The zero-hours worker’s obligation to accept a call
An important difference between the preliminary contract and the MUP employment contract is that a worker under the latter is obliged to positively respond to calls to work. This obligation may give rise to insecurity among zero-hours workers as they must be continuously available to their employer, without knowing when they will have to work. In order to provide more security to these zero-hours workers, the WAB introduced Article 7:628a (2) Civil Code, which stipulates that on-demand workers (falling under the scope of the aforementioned definition) are not obliged to respond to a call if they have not received the call in writing or electronically four days before the work starts. Social partners are allowed to limit the four-day notice period to 24 hours in collective agreements (Article 7:628a (4)). In addition, according to Article 7:628 (11) Civil Code, they are allowed to entirely exclude a notice period from an employment contract where the duration of the work is limited to nine months within a year due to climate and natural conditions and is not subsequently performed by the same worker. The workers falling under the scope of this provision will hereafter be referred to as ‘climate workers’.

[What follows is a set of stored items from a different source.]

(* In the setting described in the context, let \texttt{Orienteering} be a routine with constant-factor guarantee $1/\lambda$ ($\lambda\ge1$): for any node weights $\nu(j)\ge0$ it returns a path $\hat\rho\in\mathcal{X}(p_s,\omega)$ with $\sum_{j}\mathbb{I}_j(\hat\rho)\nu(j)\ge\frac1\lambda\sum_j\mathbb{I}_j(\rho)\nu(j)$ for all $\rho\in\mathcal{X}(p_s,\omega)$. For $\ell=1,2,\dots$, let $\hat\rho_\ell$ be the path returned by \texttt{Orienteering} with node weights $$\nu_\ell(j) = \zeta_j d_j\prod_{\iota=1}^{\ell-1}\left(1-\mathbb{E}\left[z_j(\hat{\rho}_{\iota})\right]\right).$$ Let $X^*_K=\{\rho_k^*\}_{k=1}^K$ be an optimal solution to the Team Surviving Orienteers problem with $K$ robots. Then for every $L\ge K$, with $\hat{X}_L = \{\hat{\rho}_{\ell}\}_{\ell=1}^L$, $$J(\hat{X}_L) \ge \left(1-e^{-\frac{p_sL}{\lambda K}}\right)J(X^*_K),$$ where $J(\{\rho_k\}_{k=1}^m)=\sum_{j=1}^V d_j\,\mathbb{E}\big[1-\prod_{k=1}^m(1-z_j(\rho_k))\big]$ is the weighted expected number of nodes visited by at least one robot.
   Context: Let $\mathcal{G}=(\mathcal{V},\mathcal{E})$ be a finite simple graph with node set $\mathcal{V}=\{1,\dots,V\}$ and edge weights $\omega:\mathcal{E}\to(0,1]$ (survival probabilities). A path $\rho$ is a sequence of nodes $\rho(0),\dots,\rho(\lvert\rho\rvert)$ with $(\rho(n-1),\rho(n))\in\mathcal{E}$ for each $n$. For a path $\rho$, let $s_n(\rho)$, $n=1,\dots,\lvert\rho\rvert$, be independent Bernoulli variables with $\mathbb{P}\{s_n(\rho)=1\}=\omega((\rho(n-1),\rho(n)))$, $a_n(\rho)=\prod_{i=1}^n s_i(\rho)$, and $z_j(\rho)=\max_{n=1,\dots,\lvert\rho\rvert} a_n(\rho)\,\mathbb{I}\{\rho(n)=j\}$; random variables for distinct paths are independent. Let $\mathbb{I}_j(\rho)=1$ if $\rho(n)=j$ for some $n\in\{1,\dots,\lvert\rho\rvert\}$, else $0$. Given start node $v_s$, terminal node $v_t$ and $p_s\in(0,1]$, $\mathcal{X}(p_s,\omega)$ is the (assumed nonempty) set of paths $\rho$ with $\rho(0)=v_s$, $\rho(\lvert\rho\rvert)=v_t$ and $\mathbb{P}\{a_{\lvert\rho\rvert}(\rho)=1\}\ge p_s$ (equivalently, an orienteering feasibility constraint on the graph with edge weights $-\log\omega(e)$ and budget $-\log p_s$). Node priorities $d_j>0$ are given. The Team Surviving Orienteers problem with $K$ robots is to choose $\rho_1,\dots,\rho_K\in\mathcal{X}(p_s,\omega)$ maximizing $J(\{\rho_k\}_{k=1}^K)$. Define $\zeta_j=\max_{\rho\in\mathcal{X}(p_s,\omega)}\mathbb{E}[z_j(\rho)]$. *)

theory Defs
  imports "HOL-Probability.Probability"
begin

(* Graph: nodes {1..V}, edge set E of ordered pairs (symmetric, irreflexive),
   edge survival probabilities w (a,b). A path is a node list rho of length |rho|+1. *)

definition simple_graph :: "nat \<Rightarrow> (nat \<times> nat) set \<Rightarrow> bool" where
  "simple_graph V E \<longleftrightarrow> E \<subseteq> {1..V} \<times> {1..V} \<and> (\<forall>a b. (a,b) \<in> E \<longrightarrow> (b,a) \<in> E) \<and> (\<forall>a. (a,a) \<notin> E)"

definition plen :: "nat list \<Rightarrow> nat" where
  "plen rho = length rho - 1"

definition is_path :: "(nat \<times> nat) set \<Rightarrow> nat list \<Rightarrow> bool" where
  "is_path E rho \<longleftrightarrow> rho \<noteq> [] \<and> (\<forall>n\<in>{1..plen rho}. (rho ! (n-1), rho ! n) \<in> E)"

definition path_edges :: "nat list \<Rightarrow> (nat \<times> nat) list" where
  "path_edges rho = zip rho (tl rho)"

fun bern_seq :: "real list \<Rightarrow> bool list pmf" where
  "bern_seq [] = return_pmf []"
| "bern_seq (p # ps) = bernoulli_pmf p \<bind> (\<lambda>b. bern_seq ps \<bind> (\<lambda>bs. return_pmf (b # bs)))"

definition surv_pmf :: "(nat \<times> nat \<Rightarrow> real) \<Rightarrow> nat list \<Rightarrow> bool list pmf" where
  "surv_pmf w rho = bern_seq (map w (path_edges rho))"

(* a_n = prod_{i=1}^n s_i ; s is the outcome list, s ! (i-1) = s_i *)
definition alive :: "bool list \<Rightarrow> nat \<Rightarrow> real" where
  "alive s n = (\<Prod>i\<in>{1..n}. if s ! (i-1) then 1 else 0)"

(* z_j(rho) = max_{n=1..|rho|} a_n * I{rho(n)=j}; value 0 if |rho| = 0 *)
definition zvar :: "nat list \<Rightarrow> nat \<Rightarrow> bool list \<Rightarrow> real" where
  "zvar rho j s = Max (insert 0 ((\<lambda>n. alive s n * (if rho ! n = j then 1 else 0)) ` {1..plen rho}))"

definition Ez :: "(nat \<times> nat \<Rightarrow> real) \<Rightarrow> nat list \<Rightarrow> nat \<Rightarrow> real" where
  "Ez w rho j = measure_pmf.expectation (surv_pmf w rho) (zvar rho j)"

definition visits :: "nat list \<Rightarrow> nat \<Rightarrow> bool" where
  "visits rho j \<longleftrightarrow> (\<exists>n\<in>{1..plen rho}. rho ! n = j)"

definition indic :: "nat list \<Rightarrow> nat \<Rightarrow> real" where
  "indic rho j = (if visits rho j then 1 else 0)"

definition feasible :: "(nat \<times> nat) set \<Rightarrow> (nat \<times> nat \<Rightarrow> real) \<Rightarrow> nat \<Rightarrow> nat \<Rightarrow> real \<Rightarrow> nat list set" where
  "feasible E w vs vt ps = {rho. is_path E rho \<and> hd rho = vs \<and> last rho = vt \<and>
      measure_pmf.prob (surv_pmf w rho) {s. alive s (plen rho) = 1} \<ge> ps}"

definition zeta :: "(nat \<times> nat) set \<Rightarrow> (nat \<times> nat \<Rightarrow> real) \<Rightarrow> nat \<Rightarrow> nat \<Rightarrow> real \<Rightarrow> nat \<Rightarrow> real" where
  "zeta E w vs vt ps j = (SUP rho \<in> feasible E w vs vt ps. Ez w rho j)"

fun team_pmf :: "(nat \<times> nat \<Rightarrow> real) \<Rightarrow> nat list list \<Rightarrow> bool list list pmf" where
  "team_pmf w [] = return_pmf []"
| "team_pmf w (rho # rhos) = surv_pmf w rho \<bind> (\<lambda>s. team_pmf w rhos \<bind> (\<lambda>ss. return_pmf (s # ss)))"

definition Jteam :: "nat \<Rightarrow> (nat \<Rightarrow> real) \<Rightarrow> (nat \<times> nat \<Rightarrow> real) \<Rightarrow> nat list list \<Rightarrow> real" where
  "Jteam V d w X = (\<Sum>j=1..V. d j * measure_pmf.expectation (team_pmf w X)
      (\<lambda>ss. 1 - (\<Prod>k<length X. 1 - zvar (X ! k) j (ss ! k))))"

end

theory Submission imports Defs begin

The Collective Agreement for the Hospitality Industry has implemented the options for derogating from the four-day notice rule. This means that zero-hours workers working in the hospitality industry are required to respond to calls 24 hours in advance, and that zero-hours workers considered to be climate workers must respond to calls at any hour (Article 3.5a CAO). Interestingly, the exception for climate workers stipulated in Article 7:628 (11) Civil Code was adopted after an amendment proposed by a Member of Parliament of a small Christian political party intended to defend the interests of farmers in need of flexible workers. 45 Yet, as the Collective Agreement for the Hospitality Industry shows, other sectors have also introduced this option into their collective agreement, meaning that many zero-hours workers are still subjected to exceptional unpredictable working hours.
In addition to the limitations on the employer's ability to require the worker's constant availability created by the Article 7:628a Civil Code, further restrictions are imposed by the Working Hours Act of 1995. For example, Article 4:2 Working Hours Act obliges employers to inform the workers of their ‘working patterns’ which, according to the explanatory memorandum, should be interpreted as ‘working schedules’. The explanatory memorandum further explains that when it comes to ‘unpredictable working patterns’ (such as the working patterns of most zero-hours workers), the employer needs to at least inform the worker of their weekly rest periods. 46 In addition, Article 4:1a Act stipulates that the employer, in establishing working patterns, must account for the employees’ personal circumstances, including care responsibilities for dependent relatives and societal responsibilities. According to the legal literature, this provision also indicates that on-demand employees can decline a call due to personal circumstances. 47 However, as the Working Hours Act does not provide for a sanction that could be imposed on non-compliant employers, 48 zero-hours workers, especially climate workers, may still be limited in how they spend their non-working hours due to the risk of being called to work.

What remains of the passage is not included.